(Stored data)
________________________________________

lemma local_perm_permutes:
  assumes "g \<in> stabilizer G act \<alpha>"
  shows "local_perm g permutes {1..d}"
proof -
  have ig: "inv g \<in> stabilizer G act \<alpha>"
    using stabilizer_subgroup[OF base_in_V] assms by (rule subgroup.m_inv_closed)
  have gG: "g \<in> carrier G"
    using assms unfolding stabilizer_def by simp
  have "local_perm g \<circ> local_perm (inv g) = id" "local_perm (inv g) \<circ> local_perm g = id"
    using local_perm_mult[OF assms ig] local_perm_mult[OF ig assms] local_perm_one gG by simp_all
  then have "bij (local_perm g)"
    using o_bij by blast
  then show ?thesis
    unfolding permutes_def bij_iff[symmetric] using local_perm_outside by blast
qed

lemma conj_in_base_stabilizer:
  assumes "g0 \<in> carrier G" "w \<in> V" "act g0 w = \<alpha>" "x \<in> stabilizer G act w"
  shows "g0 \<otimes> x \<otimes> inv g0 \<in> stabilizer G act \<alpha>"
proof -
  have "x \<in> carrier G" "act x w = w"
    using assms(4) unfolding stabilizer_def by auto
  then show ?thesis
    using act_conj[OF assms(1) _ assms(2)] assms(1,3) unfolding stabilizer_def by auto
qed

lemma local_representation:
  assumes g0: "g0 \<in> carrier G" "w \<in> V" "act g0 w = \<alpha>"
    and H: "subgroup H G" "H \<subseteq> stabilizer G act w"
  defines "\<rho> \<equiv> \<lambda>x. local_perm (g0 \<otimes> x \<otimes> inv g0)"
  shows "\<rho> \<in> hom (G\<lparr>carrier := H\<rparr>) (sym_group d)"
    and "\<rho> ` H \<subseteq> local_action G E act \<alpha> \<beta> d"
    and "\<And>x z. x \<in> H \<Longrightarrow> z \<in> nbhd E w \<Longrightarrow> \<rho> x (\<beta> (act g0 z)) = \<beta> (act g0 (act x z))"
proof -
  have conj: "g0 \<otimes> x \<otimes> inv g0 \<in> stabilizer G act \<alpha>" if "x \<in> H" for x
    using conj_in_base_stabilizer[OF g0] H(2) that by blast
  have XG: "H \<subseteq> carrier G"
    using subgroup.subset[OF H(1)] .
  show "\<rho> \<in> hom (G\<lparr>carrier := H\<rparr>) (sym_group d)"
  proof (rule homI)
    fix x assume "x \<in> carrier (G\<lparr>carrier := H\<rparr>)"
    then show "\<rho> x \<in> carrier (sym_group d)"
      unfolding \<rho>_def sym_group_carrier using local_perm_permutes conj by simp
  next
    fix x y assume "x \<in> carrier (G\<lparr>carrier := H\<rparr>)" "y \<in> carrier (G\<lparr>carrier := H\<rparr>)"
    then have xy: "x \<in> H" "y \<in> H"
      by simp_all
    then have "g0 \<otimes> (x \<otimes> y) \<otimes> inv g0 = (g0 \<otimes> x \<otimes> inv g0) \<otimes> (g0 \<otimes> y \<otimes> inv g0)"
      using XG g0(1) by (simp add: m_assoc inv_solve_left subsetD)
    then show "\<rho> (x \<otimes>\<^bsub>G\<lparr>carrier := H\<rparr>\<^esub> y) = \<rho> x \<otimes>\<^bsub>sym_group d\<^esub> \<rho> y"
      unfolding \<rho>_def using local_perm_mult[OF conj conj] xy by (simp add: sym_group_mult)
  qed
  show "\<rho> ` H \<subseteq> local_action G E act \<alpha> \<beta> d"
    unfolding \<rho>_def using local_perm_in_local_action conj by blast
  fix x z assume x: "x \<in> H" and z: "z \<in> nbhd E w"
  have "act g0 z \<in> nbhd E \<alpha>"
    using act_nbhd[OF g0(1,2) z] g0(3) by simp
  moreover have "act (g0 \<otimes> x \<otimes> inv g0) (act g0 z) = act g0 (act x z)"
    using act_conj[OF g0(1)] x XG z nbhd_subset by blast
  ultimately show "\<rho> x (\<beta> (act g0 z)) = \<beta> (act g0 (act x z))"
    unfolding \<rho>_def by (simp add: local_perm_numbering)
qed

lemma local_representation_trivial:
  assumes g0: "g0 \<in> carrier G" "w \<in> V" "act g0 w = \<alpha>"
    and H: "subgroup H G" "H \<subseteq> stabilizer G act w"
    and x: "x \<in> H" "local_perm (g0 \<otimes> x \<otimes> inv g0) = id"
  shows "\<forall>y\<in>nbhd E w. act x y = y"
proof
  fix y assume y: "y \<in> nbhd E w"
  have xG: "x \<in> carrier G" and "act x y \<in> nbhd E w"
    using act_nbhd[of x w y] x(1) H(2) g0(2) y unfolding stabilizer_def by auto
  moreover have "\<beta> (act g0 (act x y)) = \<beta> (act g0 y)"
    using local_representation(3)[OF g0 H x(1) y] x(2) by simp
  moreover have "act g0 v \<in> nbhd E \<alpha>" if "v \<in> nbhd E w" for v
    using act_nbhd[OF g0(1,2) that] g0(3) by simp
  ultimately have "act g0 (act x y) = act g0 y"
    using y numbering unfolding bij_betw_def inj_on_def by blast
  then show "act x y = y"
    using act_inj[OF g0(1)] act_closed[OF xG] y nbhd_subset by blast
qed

________________________________________

— EXERCISE AIM —
Restate the records in full, keeping every word as it is.

— REPLY —
lemma local_perm_permutes:
  assumes "g \<in> stabilizer G act \<alpha>"
  shows "local_perm g permutes {1..d}"
proof -
  have ig: "inv g \<in> stabilizer G act \<alpha>"
    using stabilizer_subgroup[OF base_in_V] assms by (rule subgroup.m_inv_closed)
  have gG: "g \<in> carrier G"
    using assms unfolding stabilizer_def by simp
  have "local_perm g \<circ> local_perm (inv g) = id" "local_perm (inv g) \<circ> local_perm g = id"
    using local_perm_mult[OF assms ig] local_perm_mult[OF ig assms] local_perm_one gG by simp_all
  then have "bij (local_perm g)"
    using o_bij by blast
  then show ?thesis
    unfolding permutes_def bij_iff[symmetric] using local_perm_outside by blast
qed

lemma conj_in_base_stabilizer:
  assumes "g0 \<in> carrier G" "w \<in> V" "act g0 w = \<alpha>" "x \<in> stabilizer G act w"
  shows "g0 \<otimes> x \<otimes> inv g0 \<in> stabilizer G act \<alpha>"
proof -
  have "x \<in> carrier G" "act x w = w"
    using assms(4) unfolding stabilizer_def by auto
  then show ?thesis
    using act_conj[OF assms(1) _ assms(2)] assms(1,3) unfolding stabilizer_def by auto
qed

lemma local_representation:
  assumes g0: "g0 \<in> carrier G" "w \<in> V" "act g0 w = \<alpha>"
    and H: "subgroup H G" "H \<subseteq> stabilizer G act w"
  defines "\<rho> \<equiv> \<lambda>x. local_perm (g0 \<otimes> x \<otimes> inv g0)"
  shows "\<rho> \<in> hom (G\<lparr>carrier := H\<rparr>) (sym_group d)"
    and "\<rho> ` H \<subseteq> local_action G E act \<alpha> \<beta> d"
    and "\<And>x z. x \<in> H \<Longrightarrow> z \<in> nbhd E w \<Longrightarrow> \<rho> x (\<beta> (act g0 z)) = \<beta> (act g0 (act x z))"
proof -
  have conj: "g0 \<otimes> x \<otimes> inv g0 \<in> stabilizer G act \<alpha>" if "x \<in> H" for x
    using conj_in_base_stabilizer[OF g0] H(2) that by blast
  have XG: "H \<subseteq> carrier G"
    using subgroup.subset[OF H(1)] .
  show "\<rho> \<in> hom (G\<lparr>carrier := H\<rparr>) (sym_group d)"
  proof (rule homI)
    fix x assume "x \<in> carrier (G\<lparr>carrier := H\<rparr>)"
    then show "\<rho> x \<in> carrier (sym_group d)"
      unfolding \<rho>_def sym_group_carrier using local_perm_permutes conj by simp
  next
    fix x y assume "x \<in> carrier (G\<lparr>carrier := H\<rparr>)" "y \<in> carrier (G\<lparr>carrier := H\<rparr>)"
    then have xy: "x \<in> H" "y \<in> H"
      by simp_all
    then have "g0 \<otimes> (x \<otimes> y) \<otimes> inv g0 = (g0 \<otimes> x \<otimes> inv g0) \<otimes> (g0 \<otimes> y \<otimes> inv g0)"
      using XG g0(1) by (simp add: m_assoc inv_solve_left subsetD)
    then show "\<rho> (x \<otimes>\<^bsub>G\<lparr>carrier := H\<rparr>\<^esub> y) = \<rho> x \<otimes>\<^bsub>sym_group d\<^esub> \<rho> y"
      unfolding \<rho>_def using local_perm_mult[OF conj conj] xy by (simp add: sym_group_mult)
  qed
  show "\<rho> ` H \<subseteq> local_action G E act \<alpha> \<beta> d"
    unfolding \<rho>_def using local_perm_in_local_action conj by blast
  fix x z assume x: "x \<in> H" and z: "z \<in> nbhd E w"
  have "act g0 z \<in> nbhd E \<alpha>"
    using act_nbhd[OF g0(1,2) z] g0(3) by simp
  moreover have "act (g0 \<otimes> x \<otimes> inv g0) (act g0 z) = act g0 (act x z)"
    using act_conj[OF g0(1)] x XG z nbhd_subset by blast
  ultimately show "\<rho> x (\<beta> (act g0 z)) = \<beta> (act g0 (act x z))"
    unfolding \<rho>_def by (simp add: local_perm_numbering)
qed

lemma local_representation_trivial:
  assumes g0: "g0 \<in> carrier G" "w \<in> V" "act g0 w = \<alpha>"
    and H: "subgroup H G" "H \<subseteq> stabilizer G act w"
    and x: "x \<in> H" "local_perm (g0 \<otimes> x \<otimes> inv g0) = id"
  shows "\<forall>y\<in>nbhd E w. act x y = y"
proof
  fix y assume y: "y \<in> nbhd E w"
  have xG: "x \<in> carrier G" and "act x y \<in> nbhd E w"
    using act_nbhd[of x w y] x(1) H(2) g0(2) y unfolding stabilizer_def by auto
  moreover have "\<beta> (act g0 (act x y)) = \<beta> (act g0 y)"
    using local_representation(3)[OF g0 H x(1) y] x(2) by simp
  moreover have "act g0 v \<in> nbhd E \<alpha>" if "v \<in> nbhd E w" for v
    using act_nbhd[OF g0(1,2) that] g0(3) by simp
  ultimately have "act g0 (act x y) = act g0 y"
    using y numbering unfolding bij_betw_def inj_on_def by blast
  then show "act x y = y"
    using act_inj[OF g0(1)] act_closed[OF xG] y nbhd_subset by blast
qed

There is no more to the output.